Suriye’deki geçici yönetimin Savunma Bakanlığı Sözcüsü Hasan Abdulgani de SANA’ya yaptığı açıklamada, “Durum tamamen kontrol altındadır, operasyonlar planlandığı şekilde hassasiyetle yürütülmektedir ve endişeye mahal yoktur. Devlete silah teslim etmeyi reddeden herkes, kesin ve tavizsiz bir karşılık görecektir” dedi.

MSD’den BM’ye çağrı

Demokratik Suriye Meclisi (MSD), Suriye’nin birçok bölgesinde yaşanan çatışmalara ilişkin yaptığı açıklamada, mezhep veya etnik aidiyetlerine bakılmaksızın Suriyelilerin korunmasının mutlak bir öncelik olduğunu belirtti.
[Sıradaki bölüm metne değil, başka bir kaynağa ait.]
(* As a symmetric set-operad, $\mathrm{RW}$ is generated by the three trees $A_\prec$, $A_\mu$, $A_\odot$.
   Context: Red and white trees: $\mathrm{RW}(n)$ is the set of finite rooted trees (children unordered) whose nodes $z$ carry possibly empty label sets $L(z)\subseteq[n]$ partitioning $[n]$, each empty node having at least two children; labelled nodes are white, an empty node is red iff all its children are white. $S_n$ acts by relabelling. Composition $T_1\circ_xT_2$ ($T_1\in\mathrm{RW}(m)$, $T_2\in\mathrm{RW}(n)$): relabel $T_1$ by $y\mapsto y+n-1$ for $y>x$ and $T_2$ by $y\mapsto y+x-1$; $z\ni x$ in $T_1$, $r$ = root of $T_2$. (W) $r$ not red: remove $x$ from $L(z)$, add $L(r)$ to $L(z)$, children of $r$ become children of $z$. (R1) $r$ red, $T_1$ the single node $\{x\}$: result $T_2$. (R2) $r$ red and ($z$ has a child or $|L(z)|\ge2$): remove $x$ from $L(z)$, attach $T_2$ as child subtree of $z$. (R3) $r$ red, $z$ non-root leaf with $L(z)=\{x\}$: delete $z$, children of $r$ become children of the parent of $z$. Colours recomputed. With these compositions and actions $\mathrm{RW}$ is a symmetric set-operad. $A_\mu$ = single node $\{1,2\}$; $A_\prec$ = root $\{1\}$ with child $\{2\}$; $A_\odot$ = empty red root with children $\{1\},\{2\}$. *)

theory Defs
  imports "HOL-Library.Multiset" "HOL-Combinatorics.Permutations"
begin

text \<open>Red and white trees: finite rooted trees with unordered children (a multiset
  of subtrees); every node carries a (possibly empty) label set.\<close>

datatype rwt = Node "nat set" "rwt multiset"

fun root_lab :: "rwt \<Rightarrow> nat set" where
  "root_lab (Node L C) = L"

fun kids :: "rwt \<Rightarrow> rwt multiset" where
  "kids (Node L C) = C"

primrec labsets :: "rwt \<Rightarrow> nat set multiset" where
  "labsets (Node L C) = {#L#} + \<Sum>\<^sub># (image_mset labsets C)"

primrec empty_ok :: "rwt \<Rightarrow> bool" where
  "empty_ok (Node L C) = ((L = {} \<longrightarrow> size C \<ge> 2) \<and> (\<forall>b\<in>#image_mset empty_ok C. b))"

text \<open>RW(n): the label sets of the nodes partition [n] = {1..n}
  (each element of [n] lies in exactly one node, no other labels occur),
  and every empty node has at least two children.\<close>
definition RW :: "nat \<Rightarrow> rwt set" where
  "RW n = {T. (\<forall>y\<in>{1..n}. size (filter_mset (\<lambda>L. y \<in> L) (labsets T)) = 1)
             \<and> (\<forall>L\<in>#labsets T. L \<subseteq> {1..n}) \<and> empty_ok T}"

text \<open>White = labelled; an empty node is red iff all its children are white.\<close>
definition red :: "rwt \<Rightarrow> bool" where
  "red t \<longleftrightarrow> root_lab t = {} \<and> (\<forall>c\<in>#kids t. root_lab c \<noteq> {})"

primrec relabel :: "(nat \<Rightarrow> nat) \<Rightarrow> rwt \<Rightarrow> rwt" where
  "relabel f (Node L C) = Node (f ` L) (image_mset (relabel f) C)"

text \<open>Grafting the (already relabelled) tree S at the label x, below the root.
  The result is the multiset of trees replacing the given subtree among the
  children of its parent (needed for case (R3)).\<close>
primrec repl :: "nat \<Rightarrow> rwt \<Rightarrow> rwt \<Rightarrow> rwt multiset" where
  "repl x S (Node L C) =
     (if x \<in> L then
        (if \<not> red S then {# Node (L - {x} \<union> root_lab S) (C + kids S) #}      \<comment> \<open>(W)\<close>
         else if C \<noteq> {#} \<or> card L \<ge> 2 then {# Node (L - {x}) (C + {#S#}) #}  \<comment> \<open>(R2)\<close>
         else kids S)                                                          \<comment> \<open>(R3)\<close>
      else {# Node L (\<Sum>\<^sub># (image_mset (repl x S) C)) #})"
Sivillere ve yerel kurumlara yönelik şiddeti reddettiğini belirten MSD, Şam iktidarını bu olaylar karşısında ulusal sorumluluklarını acilen yerine getirmeye ve aklıselim dile başvurmaya çağırdı.

Sivillerin ve yerel polis üyelerin hedef alınmasının bölge halkının güvenliğinin ihlali olduğunu ve derhal durdurulması ve kınanması gereken eylemler olduğunu belirten MSD, Suriye ve komşu ülkelerdeki tarihin acı tecrübelerinin tekrarlanmaması için gerginliğin nedenlerinin militarizm ve mezhep çatışmalarından uzak, ciddi ve sorumlu bir diyalogla çözülmesi çağrısında bulundu.

MSD, artan ve büyüyen gerginliğin Suriye’yi yeniden şiddet sarmalına sürükleyebileceği uyarısında bulunarak, kapsamlı bir siyasi çözüme ulaşmak için tüm aktif politikacıları gerçek bir ulusal diyaloğa girmeye çağırdı.

MSD, faillerin hesap vermesini sağlayacak bir geçiş adaleti mekanizmasının kurulması ve ulusal uzlaşı için net bir sürecin oluşturulması gerektiğini belirtti.

MSD, BM’yi Suriye’deki tüm tarafların ateşkese uymasını gerektiren kararlar yayınlayarak daha ciddi ve sert tutumlar sergilemeye ve Suriye’deki genel siyasi süreci desteklemeye çağırdı.